How do I know when to do this? Generally, I should always do it, by default, because if there is an invisible thing that other people who are not me are more aware of, it seems to me I need their help finding it. But I know for sure I should do it double-time STAT if I feel a resistance, if my need to not listen to the call is embedded and furious. Because under what circumstances really do I not want to learn? Suspect circumstances, times when I feel threatened, but why? New knowledge is not, has never been, will never be, my enemy. I have to remind myself of this, because at times, it is not obvious. At times, I feel beleaguered, and scared. I feel that way this exact moment, which is why I am writing this thing real quick.

What does my corner of the world, the Autism/ASD/Autistic Communities (Potentially Consolidated) win? Together, we win a chance at more understanding, kindness, trust, and solidarity.

Why does this matter?

Because there’s a reason people call it “in-fighting.” The rest of the world sees us as though we should be working together. Historically, groups of people in our respective positions have worked together and only thus been successful. (For examples, see the histories of other civil rights movements, and how multitudes of caring, ethical people who both were and were not in the targeted group respected each other and worked together to achieve new heights of social justice.)

We are the ones who care about the things we care about and other people don’t have as much of a reason to care. This has been true in all of the civil rights movements and it was greatly helped by the joint concerted efforts of [people with more privilege in the particular axis] (such as whites, or PFLAG members) that other people who had no dog in the fight started to pay more attention, because of the signal boost of people they could relate to better, as well as the simple fact of there being strength in numbers. But again: other people do not have the relevant information or motivation to care about what we know to care about, and we do, all of us. Back to our situations related to autism spectrum life ways.

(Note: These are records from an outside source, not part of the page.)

lemma borel_measurable_X [measurable]: "1 \<le> i \<Longrightarrow> X i \<in> borel_measurable M"
  using event_density_X by (rule event_density_measurable)

lemma borel_measurable_psum [measurable]: "psum X j \<in> borel_measurable M"
  unfolding psum_def by (intro borel_measurable_sum borel_measurable_X) simp

lemma event_density_sum_X:
  assumes "finite J" "J \<noteq> {}" "J \<subseteq> {1..}"
  shows "event_density M (\<lambda>_. True) (\<lambda>\<omega>. \<Sum>i\<in>J. X i \<omega>) (fdens (card J))"
  using assms
proof (induction J rule: finite_ne_induct)
  case (singleton j)
  then show ?case
    using event_density_X[of j] by simp
next
  case (insert j J)
  then have IH: "event_density M (\<lambda>_. True) (\<lambda>\<omega>. \<Sum>i\<in>J. X i \<omega>) (fdens (card J))"
    by simp
  have "1 \<le> card J"
    using insert by (simp add: Suc_leI card_gt_0_iff)
  have "event_density M (\<lambda>\<omega>. True)
      (\<lambda>\<omega>. (\<lambda>w. \<Sum>i\<in>J. w i) (restrict (\<lambda>i. X i \<omega>) J) + (\<lambda>w. w j) (restrict (\<lambda>i. X i \<omega>) {j}))
      (conv (fdens (card J)) (fdens 1))"
    using insert event_density_X[of j] IH
    by (intro event_density_add_indep[OF indep_var_restrict[OF indep_X, of J "{j}"] _ _ _ _ _ fdens_le_1])
       auto
  moreover have "conv (fdens (card J)) (fdens 1) = fdens (card (insert j J))"
  proof
    fix z
    have "ennreal (conv (fdens (card J)) (fdens 1) z) = ennreal (fdens (Suc (card J)) z)"
      using integrable_event_density[OF IH] fdens_Suc_convolution[OF \<open>1 \<le> card J\<close>]
      by (simp add: nn_integral_conv[OF _ _ abs_fdens_le_1, symmetric] fdens_nonneg)
    then show "conv (fdens (card J)) (fdens 1) z = fdens (card (insert j J)) z"
      using insert by (simp add: fdens_nonneg conv_nonneg)
  qed
  ultimately show ?case
    using insert by (simp add: add.commute)
qed

lemma event_density_psum_add:
  assumes "k < n" and [measurable]: "Measurable.pred (Pi\<^sub>M {1..k} (\<lambda>_. borel)) P"
    and A: "\<And>\<omega>. A \<omega> \<longleftrightarrow> P (restrict (\<lambda>i. X i \<omega>) {1..k})"
    and r: "event_density M A (psum X k) r"
  shows "event_density M A (psum X n) (conv r (fdens (n - k)))"
proof -
  have A_eq: "A = (\<lambda>\<omega>. P (restrict (\<lambda>i. X i \<omega>) {1..k}))"
    using A by auto
  have psum_k: "psum X k = (\<lambda>\<omega>. (\<lambda>w. \<Sum>i\<in>{1..k}. w i) (restrict (\<lambda>i. X i \<omega>) {1..k}))"
    by (auto simp: psum_def)
  have psum_n: "psum X n = (\<lambda>\<omega>. (\<lambda>w. \<Sum>i\<in>{1..k}. w i) (restrict (\<lambda>i. X i \<omega>) {1..k})
      + (\<lambda>w. \<Sum>i\<in>{k<..n}. w i) (restrict (\<lambda>i. X i \<omega>) {k<..n}))"
    using psum_split[of k n X] \<open>k < n\<close> by (auto simp: psum_def)
  have g: "event_density M (\<lambda>_. True) (\<lambda>\<omega>. (\<lambda>w. \<Sum>i\<in>{k<..n}. w i) (restrict (\<lambda>i. X i \<omega>) {k<..n}))
      (fdens (n - k))"
    using event_density_sum_X[of "{k<..n}"] \<open>k < n\<close> by (simp add: subset_eq)
  have ind: "indep_var (Pi\<^sub>M {1..k} (\<lambda>_. borel)) (\<lambda>\<omega>. restrict (\<lambda>i. X i \<omega>) {1..k})
      (Pi\<^sub>M {k<..n} (\<lambda>_. borel)) (\<lambda>\<omega>. restrict (\<lambda>i. X i \<omega>) {k<..n})"
    by (rule indep_var_restrict[OF indep_X]) auto
  show ?thesis
    unfolding A_eq psum_n
    by (rule event_density_add_indep[where h = "\<lambda>w. \<Sum>i\<in>{1..k}. w i" and v = "\<lambda>w. \<Sum>i\<in>{k<..n}. w i",
          OF ind _ _ _ r[unfolded A_eq psum_k] g fdens_le_1])
       measurable
qed
(* Let $\mathscr{A}$ be a $C^*$-algebra, let $\mathscr{X},\mathscr{Y}$ be inner product (pre-Hilbert) $\mathscr{A}$-modules, let $T\colon\mathscr{X}\to\mathscr{Y}$ be a nonvanishing mapping, and let $\gamma\in(0,+\infty)$. Then the following are equivalent: (i) $\langle Tx,Ty\rangle=\gamma^2\langle x,y\rangle$ for all $x,y\in\mathscr{X}$; (ii) $T$ is $\mathscr{A}$-linear and $|Tx|=\gamma|x|$ for all $x\in\mathscr{X}$; (iii) $T$ is ($\mathbb{C}$-)linear and $|Tx|=\gamma|x|$ for all $x\in\mathscr{X}$.
   Context: An inner product $\mathscr{A}$-module is a right $\mathscr{A}$-module $\mathscr{X}$ (complex vector space with compatible right $\mathscr{A}$-action) with an $\mathscr{A}$-valued map $\langle\cdot,\cdot\rangle$ that is linear in the second variable, satisfies $\langle x,ya\rangle=\langle x,y\rangle a$, $\langle x,y\rangle=\langle y,x\rangle^*$, and $\langle x,x\rangle\ge0$ with equality iff $x=0$; completeness is not assumed. For $z$ in such a module, $|z|$ denotes the positive square root of $\langle z,z\rangle$. $T$ is $\mathscr{A}$-linear if it is linear and $T(xa)=(Tx)a$ for all $x$ and $a\in\mathscr{A}$. Nonvanishing means $T$ is not identically zero. *)

theory Defs
  imports "HOL-Analysis.Analysis"
begin

definition complex_vs :: "(complex \<Rightarrow> 'v::ab_group_add \<Rightarrow> 'v) \<Rightarrow> bool" where
  "complex_vs sm \<longleftrightarrow>
     (\<forall>c x y. sm c (x + y) = sm c x + sm c y) \<and>
     (\<forall>c d x. sm (c + d) x = sm c x + sm d x) \<and>
     (\<forall>c d x. sm (c * d) x = sm c (sm d x)) \<and>
     (\<forall>x. sm 1 x = x)"

text \<open>A C*-algebra: a (not necessarily unital) Banach algebra (type class gives the real
  Banach algebra structure: associative multiplication, submultiplicative norm, completeness),
  whose complex scalar multiplication is sm, together with an involution st satisfying the
  C*-identity.\<close>
definition cstar_algebra ::
  "(complex \<Rightarrow> 'a::{real_normed_algebra,banach} \<Rightarrow> 'a) \<Rightarrow> ('a \<Rightarrow> 'a) \<Rightarrow> bool" where
  "cstar_algebra sm st \<longleftrightarrow>
     complex_vs sm \<and>
     (\<forall>r a. sm (complex_of_real r) a = scaleR r a) \<and>
     (\<forall>c a b. sm c (a * b) = sm c a * b \<and> sm c (a * b) = a * sm c b) \<and>
     (\<forall>c a. norm (sm c a) = cmod c * norm a) \<and>
     (\<forall>a b. st (a + b) = st a + st b) \<and>
     (\<forall>c a. st (sm c a) = sm (cnj c) (st a)) \<and>
     (\<forall>a b. st (a * b) = st b * st a) \<and>
     (\<forall>a. st (st a) = a) \<and>
     (\<forall>a. norm (st a * a) = (norm a)\<^sup>2)"

definition cstar_positive :: "('a::{real_normed_algebra,banach} \<Rightarrow> 'a) \<Rightarrow> 'a \<Rightarrow> bool" where
  "cstar_positive st a \<longleftrightarrow> (\<exists>b. a = st b * b)"

definition cstar_sqrt :: "('a::{real_normed_algebra,banach} \<Rightarrow> 'a) \<Rightarrow> 'a \<Rightarrow> 'a" where
  "cstar_sqrt st a = (THE b. cstar_positive st b \<and> b * b = a)"

text \<open>Inner product (pre-Hilbert) A-module: complex vector space X (scalar multiplication smX),
  right A-action act, A-valued inner product ip (no completeness).\<close>
definition ip_module ::
  "(complex \<Rightarrow> 'a::{real_normed_algebra,banach} \<Rightarrow> 'a) \<Rightarrow> ('a \<Rightarrow> 'a) \<Rightarrow>
   (complex \<Rightarrow> 'x::ab_group_add \<Rightarrow> 'x) \<Rightarrow> ('x \<Rightarrow> 'a \<Rightarrow> 'x) \<Rightarrow> ('x \<Rightarrow> 'x \<Rightarrow> 'a) \<Rightarrow> bool" where
  "ip_module sm st smX act ip \<longleftrightarrow>
     complex_vs smX \<and>
     (\<forall>x y a. act (x + y) a = act x a + act y a) \<and>
     (\<forall>x a b. act x (a + b) = act x a + act x b) \<and>
     (\<forall>x a b. act x (a * b) = act (act x a) b) \<and>
     (\<forall>c x a. smX c (act x a) = act (smX c x) a \<and> smX c (act x a) = act x (sm c a)) \<and>
     (\<forall>x y z. ip x (y + z) = ip x y + ip x z) \<and>
     (\<forall>c x y. ip x (smX c y) = sm c (ip x y)) \<and>
     (\<forall>x y a. ip x (act y a) = ip x y * a) \<and>
     (\<forall>x y. ip x y = st (ip y x)) \<and>
     (\<forall>x. cstar_positive st (ip x x)) \<and>
     (\<forall>x. ip x x = 0 \<longleftrightarrow> x = 0)"

definition mod_abs :: "('a::{real_normed_algebra,banach} \<Rightarrow> 'a) \<Rightarrow> ('x \<Rightarrow> 'x \<Rightarrow> 'a) \<Rightarrow> 'x \<Rightarrow> 'a" where
  "mod_abs st ip z = cstar_sqrt st (ip z z)"

definition clinear_map ::
  "(complex \<Rightarrow> 'x::ab_group_add \<Rightarrow> 'x) \<Rightarrow> (complex \<Rightarrow> 'y::ab_group_add \<Rightarrow> 'y) \<Rightarrow> ('x \<Rightarrow> 'y) \<Rightarrow> bool" where
  "clinear_map smX smY T \<longleftrightarrow>
     (\<forall>x y. T (x + y) = T x + T y) \<and> (\<forall>c x. T (smX c x) = smY c (T x))"

definition Alinear_map ::
  "(complex \<Rightarrow> 'x::ab_group_add \<Rightarrow> 'x) \<Rightarrow> ('x \<Rightarrow> 'a \<Rightarrow> 'x) \<Rightarrow>
   (complex \<Rightarrow> 'y::ab_group_add \<Rightarrow> 'y) \<Rightarrow> ('y \<Rightarrow> 'a \<Rightarrow> 'y) \<Rightarrow> ('x \<Rightarrow> 'y) \<Rightarrow> bool" where
  "Alinear_map smX actX smY actY T \<longleftrightarrow>
     clinear_map smX smY T \<and> (\<forall>x a. T (actX x a) = actY (T x) a)"

end

theory Submission
  imports Defs "HOL-Computational_Algebra.Fundamental_Theorem_Algebra"
begin

text \<open>
  Polarization recovers \<open>\<langle>T x, T y\<rangle>\<close> from the values \<open>\<langle>T z, T z\<rangle>\<close> when \<open>T\<close> is
  \<open>\<complex>\<close>-linear, which gives (iii) \<open>\<Rightarrow>\<close> (i). Conversely, under (i) the vector
  \<open>T (x a) - (T x) a\<close> has the same inner products with \<open>T (x a)\<close> and with \<open>(T x) a\<close>, so it
  vanishes and \<open>T\<close> is \<open>\<A>\<close>-linear; sums and scalar multiples are handled in the same way.

  What remains is to see that \<open>|T x| = \<gamma> |x|\<close> means \<open>\<langle>T x, T x\<rangle> = \<gamma>\<^sup>2 \<langle>x, x\<rangle>\<close>, i.e. that
  every element \<open>b\<^sup>* b\<close> of a C*-algebra has exactly one square root of the form \<open>d\<^sup>* d\<close>. This is
  proved in the unitization. Rickart's elementary argument shows that the norm of a self-adjoint
  \<open>h\<close> is attained on its (real) spectrum, so \<open>\<parallel>p(h)\<parallel> \<le> max \<bar>p\<bar>\<close> on \<open>[-\<parallel>h\<parallel>, \<parallel>h\<parallel>]\<close> for
  real polynomials \<open>p\<close>, and Weierstrass approximation turns this into a continuous functional
  calculus. In it, Kaplansky's argument shows that \<open>b\<^sup>* b\<close> has no negative part, the square root
  is \<open>\<surd>(b\<^sup>* b)\<close>, and uniqueness follows because \<open>c\<^sup>* c + d\<^sup>* d = 0\<close> forces \<open>c = 0\<close>.
\<close>

section \<open>Real polynomials and elementary estimates\<close>

lemma frac_le_twice:
  fixes t :: real
  assumes "0 \<le> t" "t \<le> 1/2"
  shows "t / (1 - t) \<le> 2 * t"
proof -
  have "0 \<le> t * (1 - 2 * t)" using assms by simp
  then show ?thesis using assms by (simp add: divide_le_eq algebra_simps)
qed

lemma pow2_mult_tendsto_0:
  fixes a :: "nat \<Rightarrow> real"
  assumes "\<And>k. k \<ge> k0 \<Longrightarrow> r^(2^k) * a k \<le> 1" "\<And>k. 0 \<le> a k" "0 \<le> s" "s < r"
  shows "(\<lambda>k. s^(2^k) * a k) \<longlonglongrightarrow> 0"
proof (rule tendsto_sandwich[OF _ _ tendsto_const])
  define q where "q = s / r"
  have q: "0 \<le> q" "q < 1" using assms(3,4) unfolding q_def by auto
  show "(\<lambda>k. q^k) \<longlonglongrightarrow> 0" using q by (simp add: LIMSEQ_power_zero)
  show "\<forall>\<^sub>F k in sequentially. 0 \<le> s^(2^k) * a k" using assms(2,3) by simp
  show "\<forall>\<^sub>F k in sequentially. s^(2^k) * a k \<le> q^k"
  proof (rule eventually_sequentiallyI[of k0])
    fix k assume "k0 \<le> k"
    have "s^(2^k) * a k = q^(2^k) * (r^(2^k) * a k)"
      using assms(3,4) unfolding q_def by (simp add: power_divide)
    also have "\<dots> \<le> q^(2^k)" using assms(1)[OF \<open>k0 \<le> k\<close>] q by (simp add: mult_left_le)
    also have "\<dots> \<le> q^k" using q by (simp add: power_decreasing less_imp_le)
    finally show "s^(2^k) * a k \<le> q^k" .
  qed
qed

definition real_poly :: "complex poly \<Rightarrow> bool" where
  "real_poly p \<longleftrightarrow> (\<forall>i. Im (coeff p i) = 0)"

lemma real_poly_map_cnj: "real_poly p \<Longrightarrow> map_poly cnj p = p"
  unfolding real_poly_def by (intro poly_eqI) (simp add: coeff_map_poly complex_eq_iff)

lemma real_poly_add: "real_poly p \<Longrightarrow> real_poly q \<Longrightarrow> real_poly (p + q)"
  unfolding real_poly_def by simp

lemma real_poly_minus: "real_poly p \<Longrightarrow> real_poly (- p)"
  unfolding real_poly_def by simp

lemma real_poly_const: "real_poly [:of_real c:]"
  unfolding real_poly_def by (simp add: coeff_pCons split: nat.split)

lemma real_poly_X: "real_poly [:0, 1:]"
  unfolding real_poly_def by (simp add: coeff_pCons split: nat.split)

lemma real_poly_mult: "real_poly p \<Longrightarrow> real_poly q \<Longrightarrow> real_poly (p * q)"
  unfolding real_poly_def by (simp add: coeff_mult Im_sum)

definition poly_approx :: "real \<Rightarrow> (real \<Rightarrow> real) \<Rightarrow> complex poly \<Rightarrow> real \<Rightarrow> bool" where
  "poly_approx M f p \<epsilon> \<longleftrightarrow>
     real_poly p \<and> (\<forall>t. \<bar>t\<bar> \<le> M \<longrightarrow> cmod (of_real (f t) - poly p (of_real t)) \<le> \<epsilon>)"

lemma poly_approx_mono: "poly_approx M f p \<epsilon> \<Longrightarrow> \<epsilon> \<le> \<delta> \<Longrightarrow> poly_approx M f p \<delta>"
  unfolding poly_approx_def by force

lemma poly_approx_add:
  assumes "poly_approx M f p \<epsilon>" "poly_approx M g q \<delta>"
  shows "poly_approx M (\<lambda>t. f t + g t) (p + q) (\<epsilon> + \<delta>)"
  unfolding poly_approx_def
proof (intro conjI allI impI)
  show "real_poly (p + q)" using assms real_poly_add unfolding poly_approx_def by blast
  fix t :: real assume t: "\<bar>t\<bar> \<le> M"
  have "cmod (of_real (f t + g t) - poly (p + q) (of_real t))
      \<le> cmod (of_real (f t) - poly p (of_real t)) + cmod (of_real (g t) - poly q (of_real t))"
    by (rule order_trans[OF _ norm_triangle_ineq]) (simp add: algebra_simps)
  then show "cmod (of_real (f t + g t) - poly (p + q) (of_real t)) \<le> \<epsilon> + \<delta>"
    using assms t unfolding poly_approx_def by force
qed

lemma poly_approx_minus:
  assumes "poly_approx M f p \<epsilon>"
  shows "poly_approx M (\<lambda>t. - f t) (- p) \<epsilon>"
proof -
  have "cmod (of_real (- f t) - poly (- p) (of_real t)) = cmod (of_real (f t) - poly p (of_real t))"
    for t
    using norm_minus_commute[of "of_real (f t)" "poly p (of_real t)"] by simp
  then show ?thesis using assms real_poly_minus unfolding poly_approx_def by simp
qed

lemma poly_approx_bound:
  assumes "poly_approx M f p \<epsilon>" "\<bar>t\<bar> \<le> M"
  shows "cmod (poly p (of_real t)) \<le> \<bar>f t\<bar> + \<epsilon>"
proof -
  have "cmod (poly p (of_real t)) \<le> cmod (of_real (f t) :: complex) + cmod (of_real (f t) - poly p (of_real t))"
    using norm_triangle_sub[of "poly p (of_real t)" "of_real (f t)"] by (simp add: norm_minus_commute)
  then show ?thesis using assms unfolding poly_approx_def by fastforce
qed

lemma real_poly_approx:
  assumes f: "continuous_on {-M..M} f" and \<epsilon>: "\<epsilon> > 0"
  shows "\<exists>p. poly_approx M f p \<epsilon>"
proof -
  obtain g where g: "real_polynomial_function g" "\<And>x. x \<in> {-M..M} \<Longrightarrow> \<bar>f x - g x\<bar> < \<epsilon>"
    using Stone_Weierstrass_real_polynomial_function[OF compact_Icc f \<epsilon>] by blast
  obtain a n where g_eq: "g = (\<lambda>x. \<Sum>i\<le>n. a i * x^i)"
    using g(1) real_polynomial_function_iff_sum by blast
  define p where "p = (\<Sum>i\<le>n. monom (complex_of_real (a i)) i)"
  have "real_poly p" unfolding real_poly_def p_def by (simp add: coeff_sum coeff_monom Im_sum)
  moreover have "cmod (of_real (f t) - poly p (of_real t)) \<le> \<epsilon>" if "\<bar>t\<bar> \<le> M" for t
  proof -
    have "poly p (of_real t) = of_real (g t)"
      unfolding p_def g_eq by (simp add: poly_sum poly_monom)
    moreover have "\<bar>f t - g t\<bar> < \<epsilon>" using g(2) that by (simp add: abs_le_iff)
    ultimately show ?thesis by (simp flip: of_real_diff)
  qed
  ultimately have "poly_approx M f p \<epsilon>" unfolding poly_approx_def by blast
  then show ?thesis ..
qed

lemma norm_mult_diff_le:
  fixes a b c d :: "'a::real_normed_algebra"
  shows "norm (a * b - c * d) \<le> norm a * norm (b - d) + norm (a - c) * norm d"
proof -
  have "a * b - c * d = a * (b - d) + (a - c) * d" by (simp add: algebra_simps)
  then have "norm (a * b - c * d) \<le> norm (a * (b - d)) + norm ((a - c) * d)"
    by (metis norm_triangle_ineq)
  also have "\<dots> \<le> norm a * norm (b - d) + norm (a - c) * norm d"
    by (intro add_mono norm_mult_ineq)
  finally show ?thesis .
qed

lemma continuous_on_Icc_common_bound:
  fixes f g :: "real \<Rightarrow> real"
  assumes "continuous_on {-M..M} f" "continuous_on {-M..M} g"
  obtains B where "0 \<le> B" "\<And>t. \<bar>t\<bar> \<le> M \<Longrightarrow> \<bar>f t\<bar> \<le> B \<and> \<bar>g t\<bar> \<le> B"
proof -
  obtain Bf where "0 \<le> Bf" "\<And>t. t \<in> {-M..M} \<Longrightarrow> norm (f t) \<le> Bf"
    using continuous_on_compact_bound[OF compact_Icc assms(1)] by blast
  moreover obtain Bg where "\<And>t. t \<in> {-M..M} \<Longrightarrow> norm (g t) \<le> Bg"
    using continuous_on_compact_bound[OF compact_Icc assms(2)] by blast
  ultimately show ?thesis
    by (intro that[of "max Bf Bg"]) (auto simp: abs_le_iff le_max_iff_disj)
qed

Quick example: A lot of people walking around think respite is the exact same thing as “glorified baby-sitting” and why should their hard earned taxes pay for “expensive welfare queen stuff” like that? (People said this right in front of me before I explained it to ‘em.) I don’t think any of that, because I know better (Yes I did explain in Graphic Detail). A lot of people walking around think it is no big deal that Autistic adults are statistically shown to be way less employed than even people with other disabilities. If most parents of Autistic kids agree with that tidbit being fair, you can knock me over with a feather.

We win by winning together. We increase the sum by working together. If “piece of the pie” were a real pie, we would literally be able to make the pie bigger this way.

Privilege: it is not a game, but we can all win by checking our own and not trying to do illogical ignorant math about it in respect (or disrespect) to others.

Remember: we care about things other people do not give two whatevers about. We care about our real lives. I think we care about each other’s real lives. We are not natural enemies so for the love of love, let’s make a note of that. And, having made that note, we can take it into action.